Posted: 20th March 2017
We’ve all had experiences of attending training sessions and events, only to find those action plans and good intentions made on the day are quickly sidelined, shelved or forgotten within hours of returning to work. Organisation development professor, Art Kohn has described this as the ‘forgetting curve’ and suggests that on average 50% of new information is forgotten within one hour, 70% is lost in 24 hours and a staggering 90% within a week.
So how can you make learning stick? Or more specifically, how can you make learning for your staff so sticky that they will not only remember what they learned months afterwards, but apply new skills and willingly change habits and behaviours?
Learning experiences have to be memorable, retrievable and applicable. To do that, they not only have to create an emotional response, but be reinforced over time.
Here are 5 PRACTICAL STEPS to help make learning stick:
1) Sell Benefits
Don’t spend all your time and money on just the training activity.
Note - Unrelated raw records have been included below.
lemma bracket_proj_image_eq_zero:
  assumes two: "(2 :: 'k) \<noteq> 0" and x: "x \<in> T" "pT x = x" and y: "y \<in> T" "pT y = y"
  shows "brT x y = zT"
proof -
  define B where "B = brT x y"
  have B: "B \<in> T" using x y by (simp add: B_def)
  have pB: "pT B = scT 2 B" using x y by (simp add: B_def proj_bracket add_self)
  have "scT 2 (scT 2 B) = scT 2 B"
    using proj_idem[OF B] B by (simp add: pB proj_smult)
  then have "addT (scT 2 B) (scT 2 B) = addT (scT 2 B) zT"
    using B by (simp add: add_self)
  then have "scT 2 B = zT" using add_left_cancel[of "scT 2 B" zT "scT 2 B"] B by simp
  then show ?thesis using smult_left_cancel[of B zT 2] B two by (simp add: B_def)
qed

definition sum_monoid :: "'b monoid" where
  "sum_monoid = \<lparr>carrier = T, mult = addT, one = zT\<rparr>"

lemma comm_monoid_sum_monoid: "comm_monoid sum_monoid"
  unfolding comm_monoid_def monoid_def comm_monoid_axioms_def sum_monoid_def
  by (simp add: add_assoc add_commute add_left_commute)

lemma sum_monoid_simps[simp]:
  "carrier sum_monoid = T" "mult sum_monoid x y = addT x y" "one sum_monoid = zT"
  by (simp_all add: sum_monoid_def)

definition sumT :: "('x \<Rightarrow> 'b) \<Rightarrow> 'x set \<Rightarrow> 'b" where
  "sumT g A = finprod sum_monoid g A"

lemma sumT_closed[simp]: "\<forall>x\<in>A. g x \<in> T \<Longrightarrow> sumT g A \<in> T"
  using comm_monoid.finprod_closed[OF comm_monoid_sum_monoid, of g A] by (auto simp: sumT_def Pi_def)

lemma sumT_empty[simp]: "sumT g {} = zT"
  using comm_monoid.finprod_empty[OF comm_monoid_sum_monoid] by (simp add: sumT_def)

lemma sumT_insert:
  "finite A \<Longrightarrow> a \<notin> A \<Longrightarrow> \<forall>x\<in>insert a A. g x \<in> T \<Longrightarrow> sumT g (insert a A) = addT (g a) (sumT g A)"
  using comm_monoid.finprod_insert[OF comm_monoid_sum_monoid, of A a g] by (auto simp: sumT_def Pi_def)

lemma sumT_cong:
  "A = B \<Longrightarrow> (\<And>x. x \<in> B \<Longrightarrow> g x = h x) \<Longrightarrow> \<forall>x\<in>B. h x \<in> T \<Longrightarrow> sumT g A = sumT h B"
  unfolding sumT_def by (rule comm_monoid.finprod_cong'[OF comm_monoid_sum_monoid]) (auto simp: Pi_def)

lemma sumT_add:
  "\<forall>x\<in>A. g x \<in> T \<Longrightarrow> \<forall>x\<in>A. h x \<in> T \<Longrightarrow> sumT (\<lambda>x. addT (g x) (h x)) A = addT (sumT g A) (sumT h A)"
  using comm_monoid.finprod_multf[OF comm_monoid_sum_monoid, of g A h] by (auto simp: sumT_def Pi_def)

lemma sumT_neutral: "(\<And>x. x \<in> A \<Longrightarrow> g x = zT) \<Longrightarrow> sumT g A = zT"
  using comm_monoid.finprod_one_eqI[OF comm_monoid_sum_monoid, of A g] by (auto simp: sumT_def)

lemma sumT_mono_neutral:
  "finite B \<Longrightarrow> A \<subseteq> B \<Longrightarrow> (\<And>x. x \<in> B - A \<Longrightarrow> g x = zT) \<Longrightarrow> \<forall>x\<in>B. g x \<in> T \<Longrightarrow>
     sumT g A = sumT g B"
  using comm_monoid.finprod_mono_neutral_cong_left[OF comm_monoid_sum_monoid, of B A g g]
  by (auto simp: sumT_def Pi_def)

lemma additive_sumT:
  assumes F_add: "\<And>x y. x \<in> T \<Longrightarrow> y \<in> T \<Longrightarrow> F (addT x y) = addT (F x) (F y)"
    and F_zero: "F zT = zT" and F_closed: "\<And>x. x \<in> T \<Longrightarrow> F x \<in> T"
    and g: "\<forall>x\<in>A. g x \<in> T"
  shows "F (sumT g A) = sumT (\<lambda>x. F (g x)) A"
  using g
proof (induction A rule: infinite_finite_induct)
  case (infinite A)
  then show ?case by (simp add: sumT_def F_zero comm_monoid.finprod_infinite[OF comm_monoid_sum_monoid])
next
  case empty
  then show ?case by (simp add: F_zero)
next
  case (insert a A)
  then show ?case by (simp add: sumT_insert F_add F_closed)
qed

lemma sumT_smult: "\<forall>x\<in>A. g x \<in> T \<Longrightarrow> scT c (sumT g A) = sumT (\<lambda>x. scT c (g x)) A"
  by (rule additive_sumT[where F = "scT c"]) (auto simp: smult_add_right)

lemma sumT_proj: "\<forall>x\<in>A. g x \<in> T \<Longrightarrow> pT (sumT g A) = sumT (\<lambda>x. pT (g x)) A"
  by (rule additive_sumT[where F = pT]) (auto simp: proj_add)

lemma sumT_bracket_left: "\<forall>x\<in>A. g x \<in> T \<Longrightarrow> y \<in> T \<Longrightarrow> brT (sumT g A) y = sumT (\<lambda>x. brT (g x) y) A"
  by (rule additive_sumT[where F = "\<lambda>x. brT x y"]) (auto simp: bracket_add_left)

lemma sumT_bracket_right: "\<forall>x\<in>A. g x \<in> T \<Longrightarrow> y \<in> T \<Longrightarrow> brT y (sumT g A) = sumT (\<lambda>x. brT y (g x)) A"
  by (rule additive_sumT[where F = "\<lambda>x. brT y x"]) (auto simp: bracket_add_right)

definition lin_ext :: "(nat list \<Rightarrow> 'b) \<Rightarrow> 'k ncpoly \<Rightarrow> 'b" where
  "lin_ext g a = sumT (\<lambda>w. scT (a w) (g w)) {w. a w \<noteq> 0}"

lemma lin_ext_closed[simp]: "\<forall>w. g w \<in> T \<Longrightarrow> lin_ext g a \<in> T"
  by (simp add: lin_ext_def)

lemma lin_ext_superset:
  "\<forall>w. g w \<in> T \<Longrightarrow> finite B \<Longrightarrow> {w. a w \<noteq> 0} \<subseteq> B \<Longrightarrow>
     lin_ext g a = sumT (\<lambda>w. scT (a w) (g w)) B"
  unfolding lin_ext_def by (rule sumT_mono_neutral) auto

lemma lin_ext_cong: "(\<And>w. a w \<noteq> 0 \<Longrightarrow> g w = g' w) \<Longrightarrow> \<forall>w. g' w \<in> T \<Longrightarrow> lin_ext g a = lin_ext g' a"
  unfolding lin_ext_def by (rule sumT_cong) auto

lemma lin_ext_zero[simp]: "lin_ext g nc_zero = zT"
  by (simp add: lin_ext_def nc_zero_def)

lemma lin_ext_zero_fun: "lin_ext (\<lambda>w. zT) a = zT"
  by (simp add: lin_ext_def sumT_neutral)

lemma lin_ext_add:
  assumes g: "\<forall>w. g w \<in> T" and a: "nc_finite a" and b: "nc_finite b"
  shows "lin_ext g (nc_add a b) = addT (lin_ext g a) (lin_ext g b)"
proof -
  let ?B = "{w. a w \<noteq> 0} \<union> {w. b w \<noteq> 0}"
  have fin: "finite ?B" using a b by simp
  have "lin_ext g (nc_add a b) = sumT (\<lambda>w. scT (a w + b w) (g w)) ?B"
    using g fin by (subst lin_ext_superset) (auto simp: nc_add_def)
  also have "\<dots> = sumT (\<lambda>w. addT (scT (a w) (g w)) (scT (b w) (g w))) ?B"
    using g by (intro sumT_cong) (auto simp: smult_add_left)
  also have "\<dots> = addT (lin_ext g a) (lin_ext g b)"
    using g fin by (simp add: sumT_add lin_ext_superset[of g ?B])
  finally show ?thesis .
qed

lemma lin_ext_smult:
  assumes g: "\<forall>w. g w \<in> T" and a: "nc_finite a"
  shows "lin_ext g (nc_smult c a) = scT c (lin_ext g a)"
proof -
  have "lin_ext g (nc_smult c a) = sumT (\<lambda>w. scT (c * a w) (g w)) {w. a w \<noteq> 0}"
    using g a by (subst lin_ext_superset) (auto simp: nc_smult_def)
  also have "\<dots> = sumT (\<lambda>w. scT c (scT (a w) (g w))) {w. a w \<noteq> 0}"
    using g by (intro sumT_cong) auto
  finally show ?thesis using g by (simp add: lin_ext_def sumT_smult)
qed

lemma lin_ext_monom[simp]: "\<forall>w. g w \<in> T \<Longrightarrow> lin_ext g (nc_monom u) = g u"
proof -
  assume "\<forall>w. g w \<in> T"
  moreover have "{w. nc_monom u w \<noteq> (0::'k)} = {u}" by (auto simp: nc_monom_def)
  ultimately show ?thesis by (simp add: lin_ext_def sumT_insert nc_monom_def)
qed

lemma lin_ext_sum:
  assumes "\<forall>w. g w \<in> T"
  shows "finite A \<Longrightarrow> \<forall>i\<in>A. nc_finite (U i) \<Longrightarrow>
     lin_ext g (nc_sum U A) = sumT (\<lambda>i. lin_ext g (U i)) A"
  by (induction A rule: finite_induct)
    (simp_all add: assms nc_sum_empty nc_sum_insert lin_ext_add nc_finite_sum sumT_insert)

lemma additive_lin_ext:
  assumes F_add: "\<And>x y. x \<in> T \<Longrightarrow> y \<in> T \<Longrightarrow> F (addT x y) = addT (F x) (F y)"
    and F_smult: "\<And>c x. x \<in> T \<Longrightarrow> F (scT c x) = scT c (F x)"
    and F_closed: "\<And>x. x \<in> T \<Longrightarrow> F x \<in> T"
    and g: "\<forall>w. g w \<in> T"
  shows "F (lin_ext g a) = lin_ext (\<lambda>w. F (g w)) a"
proof -
  have "F zT = zT" using F_smult[of zT 0] F_closed[of zT] by simp
  then show ?thesis unfolding lin_ext_def
    using g by (subst additive_sumT[where F = F]) (auto simp: F_add F_closed F_smult)
qed

lemma lin_ext_mul_monom:
  assumes g: "\<forall>w. g w \<in> T" and b: "nc_finite b"
  shows "lin_ext g (nc_mul (nc_monom u) b) = lin_ext (\<lambda>v. g (u @ v)) b"
  using b
proof (induction b rule: nc_finite_induct)
  case zero
  then show ?case by simp
next
  case (monom b v c)
  have "nc_mul (nc_monom u) (nc_add b (nc_smult c (nc_monom v))) =
      nc_add (nc_mul (nc_monom u) b) (nc_smult c (nc_monom (u @ v)))"
    by (simp add: nc_add_def nc_smult_def nc_mul_add_right nc_mul_smult_right
        flip: nc_mul_monom)
  then show ?case
    using monom g by (simp add: lin_ext_add lin_ext_smult nc_finite_mul nc_finite_smult)
qed

lemma lin_ext_mul:
  assumes g: "\<forall>w. g w \<in> T" and a: "nc_finite a" and b: "nc_finite b"
  shows "lin_ext g (nc_mul a b) = lin_ext (\<lambda>u. lin_ext (\<lambda>v. g (u @ v)) b) a"
  using a
proof (induction a rule: nc_finite_induct)
  case zero
  then show ?case by simp
next
  case (monom a u c)
  have "nc_mul (nc_add a (nc_smult c (nc_monom u))) b =
      nc_add (nc_mul a b) (nc_smult c (nc_mul (nc_monom u) b))"
    by (simp add: nc_add_def nc_smult_def nc_mul_add_left nc_mul_smult_left)
  moreover have "\<forall>w. lin_ext (\<lambda>v. g (w @ v)) b \<in> T" using g by simp
  ultimately show ?case
    using monom g b
    by (simp add: lin_ext_add lin_ext_smult nc_finite_mul nc_finite_smult lin_ext_mul_monom)
qed

end

locale lie_pd_gens = lie_pd_alg T addT zT scT brT pT
  for T addT zT and scT :: "'k::field_char_0 \<Rightarrow> 'b \<Rightarrow> 'b" and brT pT +
  fixes n :: nat and f :: "nat \<Rightarrow> 'b"
  assumes gens_closed: "\<forall>i<n. f i \<in> T"
begin

definition gen_ker :: "nat \<Rightarrow> 'b" where
  "gen_ker i = (if i < n then addT (f i) (scT (-1) (pT (f i))) else zT)"

definition gen_im :: "nat \<Rightarrow> 'b" where
  "gen_im i = (if i < n then pT (f i) else zT)"

lemma gen_ker_closed[simp]: "gen_ker i \<in> T"
  using gens_closed by (simp add: gen_ker_def)

lemma gen_im_closed[simp]: "gen_im i \<in> T"
  using gens_closed by (simp add: gen_im_def)

lemma proj_gen_ker[simp]: "pT (gen_ker i) = zT"
  using gens_closed by (simp add: gen_ker_def proj_add proj_smult add_neg)

lemma proj_gen_im[simp]: "pT (gen_im i) = gen_im i"
  using gens_closed by (simp add: gen_im_def)

lemma gen_ker_add_gen_im: "i < n \<Longrightarrow> addT (gen_ker i) (gen_im i) = f i"
  using gens_closed by (simp add: gen_ker_def gen_im_def add_assoc neg_add)

definition ad_word :: "nat list \<Rightarrow> 'b \<Rightarrow> 'b" where
  "ad_word w x = foldr (\<lambda>j y. brT (gen_ker j) y) w x"

lemma ad_word_Nil[simp]: "ad_word [] x = x"
  by (simp add: ad_word_def)

lemma ad_word_Cons[simp]: "ad_word (j # w) x = brT (gen_ker j) (ad_word w x)"
  by (simp add: ad_word_def)

lemma ad_word_append: "ad_word (u @ v) x = ad_word u (ad_word v x)"
  by (simp add: ad_word_def)

lemma ad_word_closed[simp]: "x \<in> T \<Longrightarrow> ad_word w x \<in> T"
  by (induction w) auto

lemma ad_word_add: "x \<in> T \<Longrightarrow> y \<in> T \<Longrightarrow> ad_word w (addT x y) = addT (ad_word w x) (ad_word w y)"
  by (induction w) (auto simp: bracket_add_right)

lemma ad_word_smult: "x \<in> T \<Longrightarrow> ad_word w (scT c x) = scT c (ad_word w x)"
  by (induction w) (auto simp: bracket_smult_right)

lemma proj_ad_word_ker: "x \<in> T \<Longrightarrow> pT x = zT \<Longrightarrow> pT (ad_word w x) = zT"
  by (induction w) (auto simp: proj_bracket)

lemma proj_ad_word_im: "x \<in> T \<Longrightarrow> pT x = x \<Longrightarrow> pT (ad_word w x) = ad_word w x"
  by (induction w) (auto simp: proj_bracket)
(* Assume that the policies $\mathcal S$ (always activate) and $\emptyset$ (never activate) are unichain in $\mathcal M$. Then: (1) if $\lambda\le-\|r^1-r^0\|_\infty-\tfrac12\,\mathrm{sp}(r^1)\,D(P^1)\,\|P^1-P^0\|_\infty$, then $\mathcal S$ is BO in $\mathcal M(\lambda)$; (2) if $\lambda\ge\|r^1-r^0\|_\infty+\tfrac12\,\mathrm{sp}(r^0)\,D(P^0)\,\|P^1-P^0\|_\infty$, then $\emptyset$ is BO in $\mathcal M(\lambda)$.
   Context: Setting. An MDP is $\mathcal M=(\mathcal S,\{0,1\},(P^a)_a,(r^a)_a)$, finite $\mathcal S$, row-stochastic $P^0,P^1$, rewards $r^0,r^1\in\mathbb R^{\mathcal S}$. A policy is a subset $\pi\subseteq\mathcal S$ of states where action 1 is played, inducing $P^\pi$, $r^\pi$. For $\lambda\in\mathbb R$, $\mathcal M(\lambda)$ has the same transitions and rewards $r^1-\lambda\mathbf 1$ (action 1), $r^0$ (action 0). For a unichain policy, gain and bias $b^\pi(\lambda)$ solve $g^\pi\mathbf 1+b^\pi=r^\pi+P^\pi b^\pi$; the activation advantage is $\alpha^\pi_s(\lambda)=r^1_s-\lambda-r^0_s+(P^1_{s,\cdot}-P^0_{s,\cdot})\cdot b^\pi(\lambda)$. A policy is BO (bias optimal) in $\mathcal M(\lambda)$ if it is gain optimal and bias-maximal among gain-optimal policies; for unichain MDPs, $\pi$ is BO iff $\alpha^\pi_s(\lambda)\ge0$ for $s\in\pi$ and $\le0$ for $s\notin\pi$. $\mathrm{sp}(v)=\max_s v_s-\min_s v_s$; for vectors $\|v\|_\infty=\max_s|v_s|$; for matrices $\|A\|_\infty=\max_s\sum_{s'}|A_{s,s'}|$. The diameter of a unichain stochastic matrix $P$ with recurrent class $\mathcal S_r$ is $D(P)=\max_{s\in\mathcal S,s'\in\mathcal S_r}\mathbb E^P[\tau_{s,s'}]$, where $\tau_{s,s'}$ is the number of steps to reach $s'$ from $s$. *)

theory Defs
  imports "HOL-Analysis.Analysis"
begin

definition stochastic :: "('s::finite \<Rightarrow> 's \<Rightarrow> real) \<Rightarrow> bool" where
  "stochastic P \<longleftrightarrow> (\<forall>s s'. 0 \<le> P s s') \<and> (\<forall>s. (\<Sum>s'\<in>UNIV. P s s') = 1)"

fun nstep :: "('s::finite \<Rightarrow> 's \<Rightarrow> real) \<Rightarrow> nat \<Rightarrow> 's \<Rightarrow> 's \<Rightarrow> real" where
  "nstep P 0 s s' = (if s = s' then 1 else 0)"
| "nstep P (Suc n) s s' = (\<Sum>u\<in>UNIV. nstep P n s u * P u s')"

definition reach :: "('s::finite \<Rightarrow> 's \<Rightarrow> real) \<Rightarrow> 's \<Rightarrow> 's \<Rightarrow> bool" where
  "reach P s t \<longleftrightarrow> (\<exists>n. nstep P n s t > 0)"

definition recurrent :: "('s::finite \<Rightarrow> 's \<Rightarrow> real) \<Rightarrow> 's \<Rightarrow> bool" where
  "recurrent P s \<longleftrightarrow> (\<forall>t. reach P s t \<longrightarrow> reach P t s)"

text \<open>Unichain: exactly one recurrent class (plus possibly transient states).\<close>
definition unichain :: "('s::finite \<Rightarrow> 's \<Rightarrow> real) \<Rightarrow> bool" where
  "unichain P \<longleftrightarrow> (\<exists>s. recurrent P s) \<and>
     (\<forall>s t. recurrent P s \<and> recurrent P t \<longrightarrow> reach P s t)"

text \<open>avoid P s' n s = probability that the chain started at s has not visited s'
  at times 0,...,n, i.e. Pr(tau_{s,s'} > n).\<close>
fun avoid :: "('s::finite \<Rightarrow> 's \<Rightarrow> real) \<Rightarrow> 's \<Rightarrow> nat \<Rightarrow> 's \<Rightarrow> real" where
  "avoid P s' 0 s = (if s = s' then 0 else 1)"
| "avoid P s' (Suc n) s = (if s = s' then 0 else (\<Sum>u\<in>UNIV. P s u * avoid P s' n u))"
lemma kchain_in_span_elementary:
  assumes c: "c \<in> kchains n q" and coeffs: "\<And>J. c J \<in> V.span G"
  shows "c \<in> C.span (elementary_kchains n q G)"
proof -
  let ?P = "{J. J \<subseteq> {..<n} \<and> card J = q}"
  have lin: "Vector_Spaces.linear smul (cscale smul) (\<lambda>g. 0(J := g))" for J :: "nat set"
    unfolding Vector_Spaces.linear_iff using V.vector_space_axioms C.vector_space_axioms
    by (auto simp: fun_eq_iff cscale_def)
  have "0(J := c J) \<in> C.span (elementary_kchains n q G)" if "J \<in> ?P" for J
  proof -
    interpret e: Vector_Spaces.linear smul "cscale smul" "\<lambda>g. 0(J := g)"
      by (rule lin)
    have "0(J := c J) \<in> (\<lambda>g. 0(J := g)) ` V.span G" using coeffs by blast
    also have "\<dots> = C.span ((\<lambda>g. 0(J := g)) ` G)" by (rule e.span_image[symmetric])
    also have "\<dots> \<subseteq> C.span (elementary_kchains n q G)"
      using that by (intro C.span_mono) (auto simp: elementary_kchains_def)
    finally show ?thesis .
  qed
  then have "(\<Sum>J\<in>?P. 0(J := c J)) \<in> C.span (elementary_kchains n q G)"
    by (intro C.span_sum)
  moreover have "(\<Sum>J\<in>?P. 0(J := c J)) = c"
  proof
    fix K
    have "(\<Sum>J\<in>?P. 0(J := c J)) K = (\<Sum>J\<in>?P. if K = J then c J else 0)"
      unfolding sum_fun_apply by (rule sum.cong) simp_all
    also have "\<dots> = (if K \<in> ?P then c K else 0)"
      using finite_card_subsets by (rule sum.delta')
    also have "\<dots> = c K" using c by (auto simp: kchains_iff)
    finally show "(\<Sum>J\<in>?P. 0(J := c J)) K = c K" .
  qed
  ultimately show ?thesis by simp
qed

lemma kchain_mod_range:
  assumes A: "clinear A" and Q: "\<And>x. \<exists>y. x - A y \<in> V.span Q" and u: "u \<in> kchains n q"
  obtains y where "y \<in> kchains n q" "u - (A \<circ> y) \<in> C.span (elementary_kchains n q Q)"
proof
  define y where "y J = (if u J = 0 then 0 else SOME y. u J - A y \<in> V.span Q)" for J
  show "y \<in> kchains n q"
    using u unfolding kchains_iff y_def by simp
  have coeff: "u J - A (y J) \<in> V.span Q" for J
  proof (cases "u J = 0")
    case True
    then show ?thesis by (simp add: y_def VV.linear_0[OF A] V.span_zero)
  next
    case False
    then show ?thesis unfolding y_def using someI_ex[OF Q[of "u J"]] by simp
  qed
  have "u - (A \<circ> y) \<in> kchains n q"
    by (intro C.subspace_diff[OF subspace_kchains] u comp_kchains[OF A] \<open>y \<in> kchains n q\<close>)
  then show "u - (A \<circ> y) \<in> C.span (elementary_kchains n q Q)"
    by (rule kchain_in_span_elementary) (simp add: coeff)
qed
The real return on investment only occurs when time and energy is spent on making the training meaningful, by engaging with delegates before any training takes place. If people believe that the benefits to them outweigh the time and energy it will take for them to attend, then they will be much more receptive to altering their behaviour or implementing what they have learned.
2) Tell Stories
Use storytelling rather than statistics to impart information or embed key messages. Stories are highly effective at motivating an audience, because storytelling evokes an emotional response. They embed information to a listener in a unique way which aids retention and retrieval.
3) Share Intentions
Take action planning and goal-setting to a new level. After the training or learning activity, ensure all delegates include their own ‘situational cues’ ie they identify when, where and how they are going to carry out their actions or achieve their goals. Including the ‘how’ is much more powerful and effective than just stating the ‘what’.
4) Keep it Small
Focus on training in bite-sized chunks. People learn and remember more when they receive new information in smaller amounts and have opportunities to practice what they have learned. If this is supported with further booster sessions, then retention is further increased.
5) Enable Transfer
Ensure there are plenty of opportunities to apply new knowledge and skills back in the workplace. This transfer is made much easier if actual learning scenarios are based on real work situations and the training covers when and how they can be applied back in the work environment.
I hope this has given you some ideas, but are there any ‘sticky’ learning habits you’d like to share?